The gay kiss on “The Today Show”
Remember when Will and Jack smooched in front of Al Roker on an episode of Will & Grace that had them going to watch The Today Show to make a political statement about men kissing. It turns out that episode was inspired by a real life incident on the show in 1999 also involving Roker.
Brian Patrick Thorton recalled the lip-lock with then-boyfriend Rich on his blog. Here is part of it:
It was to be ambush theater at its best.
Rich and I were two young, hot-headed queer activists in love. We’d met in the aftermath of the terrible October 1998 Matthew Shepard political funeral, during which dozens of mourners were arrested by New York City police. Since then we’d protested other hate violence, as well as police brutality in the city.
So kissing on TV? That was nothing.
We bandied a few ideas around, including throwing the Today producers the raw meat of two military men in uniform, an idea I vetoed because my father was in the Army, and it seemed like it would muddle the issue. Were we protesting TV kisses or Don’t Ask Don’t Tell?
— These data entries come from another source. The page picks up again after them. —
lemma sort_key_map: "sort_key f (map g xs) = map g (sort_key (\<lambda>x. f (g x)) xs)"
  by (induction xs) (auto simp: insort_key_map)

lemma insort_key_cong:
  "\<forall>x\<in>insert a (set xs). f x = g x \<Longrightarrow> insort_key f a xs = insort_key g a xs"
  by (induction xs) auto

lemma sort_key_cong: "\<forall>x\<in>set xs. f x = g x \<Longrightarrow> sort_key f xs = sort_key g xs"
  by (induction xs) (auto intro!: insort_key_cong)

lemma ostat_cong: "(\<And>i. i < n \<Longrightarrow> x i = y i) \<Longrightarrow> ostat N n x = ostat N n y"
proof -
  assume eq: "\<And>i. i < n \<Longrightarrow> x i = y i"
  then have "sort_key (\<lambda>i. N (x i)) [0..<n] = sort_key (\<lambda>i. N (y i)) [0..<n]"
    by (intro sort_key_cong) simp
  moreover have "sort_key (\<lambda>i. N (y i)) [0..<n] ! k < n" if "k < n" for k
    using nth_mem[of k "sort_key (\<lambda>i. N (y i)) [0..<n]"] that by simp
  ultimately show ?thesis
    unfolding ostat_def Let_def by (intro restrict_ext) (simp add: eq)
qed

lemma ostat_strict_max:
  assumes j: "j < Suc m" and max: "\<And>i. i < Suc m \<Longrightarrow> i \<noteq> j \<Longrightarrow> N (x i) < N (x j)"
  shows "restrict (ostat N (Suc m) x) {..<m} = ostat N m (x \<circ> skip j)"
    and "ostat N (Suc m) x m = x j"
proof -
  let ?L = "sort_key (\<lambda>i. N (x (skip j i))) [0..<m]"
  have "sort_key (\<lambda>i. N (x i)) [0..<Suc m] = sort_key (\<lambda>i. N (x i)) (remove1 j [0..<Suc m]) @ [j]"
    by (rule sort_key_strict_max) (use j max in auto)
  also have "\<dots> = map (skip j) ?L @ [j]"
    by (simp only: remove1_upt_eq_map_skip[OF j] sort_key_map)
  finally have sorted: "sort_key (\<lambda>i. N (x i)) [0..<Suc m] = map (skip j) ?L @ [j]" .
  show "ostat N (Suc m) x m = x j"
    unfolding ostat_def Let_def sorted by (simp add: nth_append)
  show "restrict (ostat N (Suc m) x) {..<m} = ostat N m (x \<circ> skip j)"
    unfolding ostat_def Let_def sorted by (intro restrict_ext) (simp add: nth_append)
qed

lemma measurable_insort_key:
  fixes N :: "'a::topological_space \<Rightarrow> real"
  assumes N: "N \<in> borel_measurable borel" and "a \<in> I" "set xs \<subseteq> I"
  shows "(\<lambda>x. insort_key (\<lambda>i. N (x i)) a xs) \<in> PiM I (\<lambda>_. borel) \<rightarrow>\<^sub>M count_space UNIV"
  using assms(3)
proof (induction xs)
  case (Cons b xs)
  have IH: "(\<lambda>x. insort_key (\<lambda>i. N (x i)) a xs) \<in> PiM I (\<lambda>_. borel) \<rightarrow>\<^sub>M count_space UNIV"
    using Cons by simp
  have "(\<lambda>x. N (x i)) \<in> borel_measurable (PiM I (\<lambda>_. borel))" if "i \<in> I" for i
    using that by (intro measurable_compose[OF measurable_component_singleton[of i I] N])
  then have "{x \<in> space (PiM I (\<lambda>_. borel)). N (x a) \<le> N (x b)} \<in> sets (PiM I (\<lambda>_. borel))"
    using Cons.prems \<open>a \<in> I\<close> by (intro borel_measurable_le) auto
  moreover have "(\<lambda>x. b # insort_key (\<lambda>i. N (x i)) a xs) \<in> PiM I (\<lambda>_. borel) \<rightarrow>\<^sub>M count_space UNIV"
    by (rule measurable_compose[OF IH]) simp
  ultimately show ?case
    by (simp only: insort_key.simps) (rule measurable_If; simp)
qed simp

lemma measurable_sort_key:
  fixes N :: "'a::topological_space \<Rightarrow> real" and xs :: "nat list"
  assumes N: "N \<in> borel_measurable borel" and "set xs \<subseteq> I"
  shows "(\<lambda>x. sort_key (\<lambda>i. N (x i)) xs) \<in> PiM I (\<lambda>_. borel) \<rightarrow>\<^sub>M count_space UNIV"
  using assms(2)
proof (induction xs)
  case (Cons a xs)
  let ?ins = "\<lambda>ys x. if set ys \<subseteq> I then insort_key (\<lambda>i. N (x i)) a ys else []"
  have IH: "(\<lambda>x. sort_key (\<lambda>i. N (x i)) xs) \<in> PiM I (\<lambda>_. borel) \<rightarrow>\<^sub>M count_space UNIV"
    using Cons by simp
  have "(\<lambda>x. ?ins (sort_key (\<lambda>i. N (x i)) xs) x) \<in> PiM I (\<lambda>_. borel) \<rightarrow>\<^sub>M count_space UNIV"
  proof (rule measurable_compose_countable[OF _ IH])
    fix ys :: "nat list"
    show "?ins ys \<in> PiM I (\<lambda>_. borel) \<rightarrow>\<^sub>M count_space UNIV"
      using Cons.prems by (cases "set ys \<subseteq> I") (auto intro: measurable_insort_key[OF N])
  qed
  with Cons.prems show ?case by simp
qed simp

lemma measurable_ostat[measurable]:
  fixes N :: "'a::topological_space \<Rightarrow> real"
  assumes N: "N \<in> borel_measurable borel"
  shows "ostat N n \<in> PiM {..<n} (\<lambda>_. borel) \<rightarrow>\<^sub>M PiM {..<n} (\<lambda>_. borel)"
proof -
  let ?idx = "\<lambda>x. sort_key (\<lambda>i. N (x i)) [0..<n]"
  have idx: "?idx \<in> PiM {..<n} (\<lambda>_. borel) \<rightarrow>\<^sub>M count_space UNIV"
    by (rule measurable_sort_key[OF N]) auto
  have "(\<lambda>x. x (?idx x ! k)) \<in> PiM {..<n} (\<lambda>_. borel) \<rightarrow>\<^sub>M borel" if k: "k < n" for k
  proof -
    let ?eval = "\<lambda>is x. if is ! k < n then x (is ! k) else undefined"
    have "(\<lambda>x. ?eval (?idx x) x) \<in> PiM {..<n} (\<lambda>_. borel) \<rightarrow>\<^sub>M borel"
    proof (rule measurable_compose_countable[OF _ idx])
      show "?eval is \<in> PiM {..<n} (\<lambda>_. borel) \<rightarrow>\<^sub>M borel" for "is"
        by (cases "is ! k < n") auto
    qed
    moreover have "?idx x ! k < n" for x
      using nth_mem[of k "?idx x"] k by simp
    ultimately show ?thesis by simp
  qed
  then show ?thesis unfolding ostat_def Let_def by (intro measurable_restrict) auto
qed

section \<open>Independent identically distributed samples\<close>

lemma (in prob_space) distr_reindex_iid:
  fixes X :: "'i \<Rightarrow> 'a \<Rightarrow> 'b::topological_space"
  assumes indep: "indep_vars (\<lambda>_. borel) X I" and "I \<noteq> {}"
    and rv: "\<And>i. i \<in> I \<Longrightarrow> X i \<in> borel_measurable M"
    and law: "\<And>i. i \<in> I \<Longrightarrow> distr M borel (X i) = P"
    and g: "inj_on g J" "g \<in> J \<rightarrow> I"
  shows "distr M (PiM J (\<lambda>_. borel)) (\<lambda>\<omega>. \<lambda>j\<in>J. X (g j) \<omega>) = PiM J (\<lambda>_. P)"
proof -
  obtain i where "i \<in> I" using \<open>I \<noteq> {}\<close> by blast
  then have P: "prob_space P" "sets P = sets borel"
    using law[of i] rv[of i] by (auto intro: prob_space_distr)
  let ?sample = "\<lambda>\<omega>. \<lambda>i\<in>I. X i \<omega>" and ?reindex = "\<lambda>x. \<lambda>j\<in>J. x (g j)"
  have sample: "?sample \<in> M \<rightarrow>\<^sub>M PiM I (\<lambda>_. borel)"
    using rv by (intro measurable_restrict) auto
  have reindex: "?reindex \<in> PiM I (\<lambda>_. borel) \<rightarrow>\<^sub>M PiM J (\<lambda>_. borel)"
    using g by (intro measurable_restrict measurable_component_singleton) auto
  have "distr M (PiM I (\<lambda>_. borel)) ?sample = PiM I (\<lambda>i. distr M borel (X i))"
    using indep_vars_iff_distr_eq_PiM'[OF \<open>I \<noteq> {}\<close> rv] indep by simp
  also have "\<dots> = PiM I (\<lambda>_. P)"
    using law by (intro PiM_cong) auto
  finally have joint: "distr M (PiM I (\<lambda>_. borel)) ?sample = PiM I (\<lambda>_. P)" .
  have "distr M (PiM J (\<lambda>_. borel)) (\<lambda>\<omega>. \<lambda>j\<in>J. X (g j) \<omega>)
      = distr (distr M (PiM I (\<lambda>_. borel)) ?sample) (PiM J (\<lambda>_. borel)) ?reindex"
    using g by (subst distr_distr[OF reindex sample]) (auto intro!: distr_cong simp: Pi_iff)
  also have "\<dots> = distr (PiM I (\<lambda>_. P)) (PiM J (\<lambda>_. P)) ?reindex"
    unfolding joint using P by (intro distr_cong) (auto cong: sets_PiM_cong)
  also have "\<dots> = PiM J (\<lambda>_. P)"
    using distr_PiM_reindex[of I "\<lambda>_. P" g J] P g by simp
  finally show ?thesis .
qed

lemma (in prob_space) distr_single_out_iid:
  fixes X :: "nat \<Rightarrow> 'a \<Rightarrow> 'b::topological_space"
  assumes indep: "indep_vars (\<lambda>_. borel) X {..<Suc m}"
    and rv: "\<And>i. i < Suc m \<Longrightarrow> X i \<in> borel_measurable M"
    and law: "\<And>i. i < Suc m \<Longrightarrow> distr M borel (X i) = P"
    and j: "j < Suc m"
  shows "distr M (PiM {..<m} (\<lambda>_. borel) \<Otimes>\<^sub>M borel) (\<lambda>\<omega>. (\<lambda>i\<in>{..<m}. X (skip j i) \<omega>, X j \<omega>))
    = PiM {..<m} (\<lambda>_. P) \<Otimes>\<^sub>M P"
proof -
  let ?A = "skip j ` {..<m}"
  let ?rest = "\<lambda>\<omega>. \<lambda>i\<in>?A. X i \<omega>" and ?at = "\<lambda>\<omega>. \<lambda>i\<in>{j}. X i \<omega>"
  let ?reindex = "\<lambda>x. \<lambda>i\<in>{..<m}. x (skip j i)" and ?eval = "\<lambda>y. y j"
  have "indep_var (PiM ?A (\<lambda>_. borel)) ?rest (PiM {j} (\<lambda>_. borel)) ?at"
    using j skip_image[OF j] by (intro indep_var_restrict[OF indep]) auto
  then have rest: "?rest \<in> M \<rightarrow>\<^sub>M PiM ?A (\<lambda>_. borel)" and at: "?at \<in> M \<rightarrow>\<^sub>M PiM {j} (\<lambda>_. borel)"
    and joint: "distr M (PiM ?A (\<lambda>_. borel) \<Otimes>\<^sub>M PiM {j} (\<lambda>_. borel)) (\<lambda>\<omega>. (?rest \<omega>, ?at \<omega>))
      = distr M (PiM ?A (\<lambda>_. borel)) ?rest \<Otimes>\<^sub>M distr M (PiM {j} (\<lambda>_. borel)) ?at"
    by (simp_all add: indep_var_distribution_eq)
  have reindex: "?reindex \<in> PiM ?A (\<lambda>_. borel) \<rightarrow>\<^sub>M PiM {..<m} (\<lambda>_. borel)"
    by (intro measurable_restrict measurable_component_singleton) auto
  have eval: "?eval \<in> PiM {j} (\<lambda>_. borel) \<rightarrow>\<^sub>M borel"
    by (intro measurable_component_singleton) auto
  have "prob_space (distr M (PiM {j} (\<lambda>_. borel)) ?at)" by (rule prob_space_distr[OF at])
  then have "prob_space (distr (distr M (PiM {j} (\<lambda>_. borel)) ?at) borel ?eval)"
    by (rule prob_space.prob_space_distr) (simp add: eval)
  then have finite: "sigma_finite_measure (distr (distr M (PiM {j} (\<lambda>_. borel)) ?at) borel ?eval)"
    by (rule prob_space_imp_sigma_finite)
  have "distr M (PiM {..<m} (\<lambda>_. borel) \<Otimes>\<^sub>M borel) (\<lambda>\<omega>. (\<lambda>i\<in>{..<m}. X (skip j i) \<omega>, X j \<omega>))
      = distr (distr M (PiM ?A (\<lambda>_. borel) \<Otimes>\<^sub>M PiM {j} (\<lambda>_. borel)) (\<lambda>\<omega>. (?rest \<omega>, ?at \<omega>)))
          (PiM {..<m} (\<lambda>_. borel) \<Otimes>\<^sub>M borel) (\<lambda>(x, y). (?reindex x, ?eval y))"
    using reindex eval rest at by (subst distr_distr) (auto intro!: distr_cong restrict_ext)
  also have "\<dots> = distr (distr M (PiM ?A (\<lambda>_. borel)) ?rest) (PiM {..<m} (\<lambda>_. borel)) ?reindex
      \<Otimes>\<^sub>M distr (distr M (PiM {j} (\<lambda>_. borel)) ?at) borel ?eval"
    unfolding joint by (rule pair_measure_distr[symmetric, OF _ _ finite]) (simp_all add: reindex eval)
  also have "\<dots> = distr M (PiM {..<m} (\<lambda>_. borel)) (\<lambda>\<omega>. \<lambda>i\<in>{..<m}. X (skip j i) \<omega>) \<Otimes>\<^sub>M distr M borel (X j)"
    using reindex eval rest at
    by (simp add: distr_distr comp_def inj_image_mem_iff[OF inj_on_skip] cong: restrict_cong)
  also have "\<dots> = PiM {..<m} (\<lambda>_. P) \<Otimes>\<^sub>M P"
    using j skip_image[OF j] rv law inj_on_skip
    by (subst distr_reindex_iid[OF indep, where P = P]) auto
  finally show ?thesis .
qed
We finally settled on the live-TV bait that is a marriage proposal, which is how that Monday morning at 6 a.m., we were standing in the Rockefeller Plaza with a sign that read: “Jill, Will U Marry Me?” The outdoor producer loved the idea of a man proposing to his girlfriend back in Ohio, and sprinted inside to run it by the higher-ups.
But that morning, the first three Al Roker weather segments passed us over. We thought they must have figured us out as homos, despite our wearing our most heterosexual outfits. (Mine included an ill-fitting Structure polo shirt.)
But then, in the 8:30 half-hour, Roker walked over to a couple celebrating a milestone wedding anniversary. What’s your secret, he asked. Pray, the husband answered.
That finished, Roker barreled down the line of gathered fans, proclaiming that there was a guy who had something to ask. And with that, the camera and microphone were thrust in Rich’s and my faces.
“Jill, I’ve got something I have to tell you,” I stammered. “I’m so happy that I love … Rich!”
And with that, I turned to Rich, and we mashed our lips together in what is possibly the most awkwardly fashioned kiss in TV history. But it was history: the first (real) gay-male kiss broadcast in the U.S.